Yeah for me, Destiny is a 10. When you can get 200+ hours out of a game, it's a great purchase.
I have at this point pretty much stopped playing it, but it lasted me a solid 3 months of playing, something very few games get.
You may have put 200 hours into it, but are you totally blind to some of the obvious faults with the game itself? It's a reviewer's job to look at things somewhat objectively. It's true that there's no such thing as a truly objective review, but a reviewer needs to look beyond their opinion and also analyze the game itself.
Let's say you were tasked with reviewing Destiny in the weeks after it came out.
It's a game that had, at most, about five hours of content, and that might be being generous. The missions also largely lacked any sort of variety. Basically every mission involved walking into a room and either killing everything or deploying Dinklebot and killing several waves of enemies. Boss fights tended to be more endurance-based than tactical, as the bosses are just enormous bullet-spongers. The game's story was absolute garbage, and there wass no way to access the lore in-game (still no idea how that got past QA). There was no match-making for the raid, meaning that, if you don't have five friends on a similar schedule, you were basically out of luck. The maps were large and pretty, but largely barren of anything fun to do aside from plug away at the same enemies over and over again. The multi-player was terribly unbalanced and there aren't enough interesting game modes to properly sustain it. The gameplay itself was horrendously repetitive due to the ho-hum level design and general lack of variety. The voice acting was lazy and the dialogue poorly-written (seeing how good Dinklage is in the Game of Thrones game only confirms this).
Now, you yourself admit that you became addicted to the gameplay loop despite the repetitiveness, but can you deny that the repetitiveness was there? It's a reviewer's job to find the flaws I listed above and write about them, not to simply say, "well, I got enough hours out of the game to justify a purchase." I just don't see any way someone could analytically reward Destiny a 10 out of 10 when there are so many glaring flaws with the game. Sure, some of you guys were able to look past those flaws and enjoy yourselves with the game (we all do that with different games), but that doesn't mean the flaws vanished.
I've put over a thousand hours into Team Fortress 2 and still play it weekly, but that doesn't mean I'm totally blind to issues with the game. There are less than when the game came out because Valve patches it almost weekly, but even now there are lingering things such as weapon imbalances that I would point out if I were writing a professional review. I overlook them because I love the game, but they don't disappear because of that.
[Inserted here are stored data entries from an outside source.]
lemma Cons_in_visits_event_Suc:
  assumes "finite D" "r \<ge> 1"
  shows "s ## \<omega> \<in> visits_event D C t (Suc n) z r a \<longleftrightarrow>
    \<omega> \<in> visits_event D C t n (z + s) (r - (if z \<in> D then 1 else 0)) (count_visit D z a)"
proof -
  define r' where "r' = r - (if z \<in> D then 1 else 0)"
  have shift: "locD z (s ## \<omega>) (Suc k) D = r \<longleftrightarrow> locD (z + s) \<omega> k D = r'" for k
    using assms by (auto simp: locD_Suc_Cons r'_def)
  have not_0: "locD z (s ## \<omega>) 0 D \<noteq> r"
    using assms(2) by simp
  have ex: "(\<exists>k\<le>Suc n. locD z (s ## \<omega>) k D = r) \<longleftrightarrow> (\<exists>k\<le>n. locD (z + s) \<omega> k D = r')"
    unfolding less_Suc_eq_le[symmetric] Ex_less_Suc2 using not_0 shift by simp
  have least: "(LEAST k. locD z (s ## \<omega>) k D = r) = Suc (LEAST k. locD (z + s) \<omega> k D = r')"
    if "locD (z + s) \<omega> k D = r'" for k
    using that shift not_0 by (intro Least_Suc2[where n = "Suc k" and m = k]) auto
  have occ: "occupation D t (\<lambda>y. a y + loc z (s ## \<omega>) (Suc k) y)
      = occupation D t (\<lambda>y. count_visit D z a y + loc (z + s) \<omega> k y)" for k
    by (auto simp: occupation_def count_visit_def loc_Suc_Cons)
  show ?thesis
  proof (cases "\<exists>k\<le>n. locD (z + s) \<omega> k D = r'")
    case True
    then obtain k where "locD (z + s) \<omega> k D = r'"
      by blast
    show ?thesis
      unfolding visits_event_def mem_Collect_eq ex least[OF \<open>locD (z + s) \<omega> k D = r'\<close>] occ
        r'_def[symmetric] ..
  next
    case False
    then show ?thesis
      unfolding visits_event_def mem_Collect_eq ex r'_def[symmetric] by blast
  qed
qed

lemma occupation_event_eq_Union:
  assumes "t \<ge> 1"
  shows "{\<omega>. tau_fin x \<omega> D t \<and> (\<lambda>y. locTD x \<omega> D t y / real t) \<in> C}
    = (\<Union>n. visits_event D C t n x t (\<lambda>_. 0))"
proof -
  have pos: "1 \<le> k" if "locD x \<omega> k D = t" for \<omega> k
    using that assms by (cases k) auto
  then have tau: "tau x \<omega> D t = (LEAST k. locD x \<omega> k D = t)" for \<omega>
    unfolding tau_def by metis
  have "(\<lambda>y. locTD x \<omega> D t y / real t) = occupation D t (\<lambda>y. 0 + loc x \<omega> (LEAST k. locD x \<omega> k D = t) y)" for \<omega>
    by (rule ext) (simp add: locTD_def occupation_def tau)
  then show ?thesis
    using pos by (auto simp: tau_fin_def visits_event_def)
qed

lemma locTD_in_prob_simplex:
  assumes "finite D" "t \<ge> 1" "tau_fin x \<omega> D t"
  shows "(\<lambda>y. locTD x \<omega> D t y / real t) \<in> prob_simplex D"
proof -
  have "\<exists>k. k \<ge> 1 \<and> locD x \<omega> k D = t"
    using assms(3) unfolding tau_fin_def by blast
  then have "locD x \<omega> (tau x \<omega> D t) D = t"
    unfolding tau_def by (rule LeastI2_ex) simp
  then have "(\<Sum>y\<in>D. real (loc x \<omega> (tau x \<omega> D t) y)) = real t"
    unfolding locD_def by (metis of_nat_sum)
  then show ?thesis
    using assms(2) by (simp add: prob_simplex_def locTD_def sum_divide_distrib[symmetric])
qed

section \<open>First-step analysis on the path space\<close>

lemma space_srw_steps [simp]: "space srw_steps = UNIV"
  by (simp add: srw_steps_def space_stream_space)

lemma prob_space_srw_steps: "prob_space (srw_steps :: ('d::finite \<Rightarrow> int) stream measure)"
  unfolding srw_steps_def by (rule prob_space.prob_space_stream_space) (rule prob_space_measure_pmf)

lemma UNIV_in_sets_srw_steps: "UNIV \<in> sets srw_steps"
  using sets.top[of srw_steps] by simp

lemma sets_srw_steps_Cons:
  fixes A :: "('d::finite \<Rightarrow> int) \<Rightarrow> ('d \<Rightarrow> int) stream set"
  assumes "\<And>s. A s \<in> sets srw_steps"
  shows "{\<omega>. stl \<omega> \<in> A (shd \<omega>)} \<in> sets srw_steps"
proof -
  let ?S = "srw_steps :: ('d \<Rightarrow> int) stream measure"
  have "(\<lambda>\<omega>. stl \<omega> \<in> A s) \<in> measurable ?S (count_space UNIV)" for s
    using assms[of s] by (simp add: srw_steps_def pred_sets2[OF _ measurable_stl])
  moreover have "shd \<in> measurable ?S (count_space UNIV)"
    using measurable_shd[of "measure_pmf (pmf_of_set unit_steps)"]
    by (simp add: srw_steps_def measurable_cong_sets)
  ultimately have "(\<lambda>\<omega>. stl \<omega> \<in> A (shd \<omega>)) \<in> measurable ?S (count_space UNIV)"
    by (rule measurable_compose_countable)
  then show ?thesis
    by (simp add: pred_def)
qed

lemma emeasure_srw_steps_Cons:
  fixes A :: "('d::finite \<Rightarrow> int) \<Rightarrow> ('d \<Rightarrow> int) stream set"
  assumes "\<And>s. A s \<in> sets srw_steps"
  shows "emeasure srw_steps {\<omega>. stl \<omega> \<in> A (shd \<omega>)}
    = (\<Sum>s\<in>unit_steps. emeasure srw_steps (A s)) / card (unit_steps :: ('d \<Rightarrow> int) set)"
proof -
  let ?S = "srw_steps :: ('d \<Rightarrow> int) stream measure"
  let ?A = "{\<omega>. stl \<omega> \<in> A (shd \<omega>)}"
  have A: "?A \<in> sets ?S"
    by (rule sets_srw_steps_Cons[OF assms])
  have "emeasure ?S ?A = (\<integral>\<^sup>+\<omega>. indicator ?A \<omega> \<partial>?S)"
    using A by simp
  also have "\<dots> = (\<integral>\<^sup>+s. (\<integral>\<^sup>+\<omega>. indicator ?A (s ## \<omega>) \<partial>?S) \<partial>measure_pmf (pmf_of_set unit_steps))"
    unfolding srw_steps_def
    by (rule prob_space.nn_integral_stream_space[OF prob_space_measure_pmf])
       (use A in \<open>simp add: srw_steps_def\<close>)
  also have "\<dots> = (\<integral>\<^sup>+s. emeasure ?S (A s) \<partial>measure_pmf (pmf_of_set unit_steps))"
  proof (rule nn_integral_cong)
    fix s
    have "(\<lambda>\<omega>. indicator ?A (s ## \<omega>) :: ennreal) = indicator (A s)"
      by (auto simp: indicator_def)
    then show "(\<integral>\<^sup>+\<omega>. indicator ?A (s ## \<omega>) \<partial>?S) = emeasure ?S (A s)"
      using assms[of s] by simp
  qed
  also have "\<dots> = (\<Sum>s\<in>unit_steps. emeasure ?S (A s)) / card (unit_steps :: ('d \<Rightarrow> int) set)"
    by (rule nn_integral_pmf_of_set[OF unit_steps_nonempty finite_unit_steps])
  finally show ?thesis .
qed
The same people that gave a 200 hour of fun game a 76, gave glowing reviews to Dragon Age Inquisition, which might as well be called fetch quest.
I don't think someone who is rewarding Destiny with a 10 out of 10 should throw stones based on
another game being a fetch quest.
Inquisition, at the very least, has a coherent story and semi-varied gameplay to go along with all the fetching. I agree it was a little overrated, but it still only averaged an 85 on metacritic, so it clearly showed some flaws to reviewers at large.
Reviews are pretty much useless, unless your tastes match up perfectly with the reviewer, which is next to impossible.
That's why it's the job of the reader to read the reviews and decide for himself if he agrees with the writer's assessment. You're never going to agree with every reviewer, or even the same reviewers all the time. But if you read enough reviews and actually see what they have to say beyond a final score, you can often come to a reasonably informed decision on whether or not you'll like what a game is selling. It's not a flawless system, but pretending reviews are totally worthless is a little ridiculous.
Now, if you go to IGN (just an example) and simply look at what they scored a game, yeah, you're getting nothing from that review. But if you read the entire review, along with a few others, you can generally decide with solid accuracy whether or not a game is for you.
As an example, I only read one review (from Polygon) of Citizens of Earth and was pretty easily able to decide that it was the type of game I'd enjoy.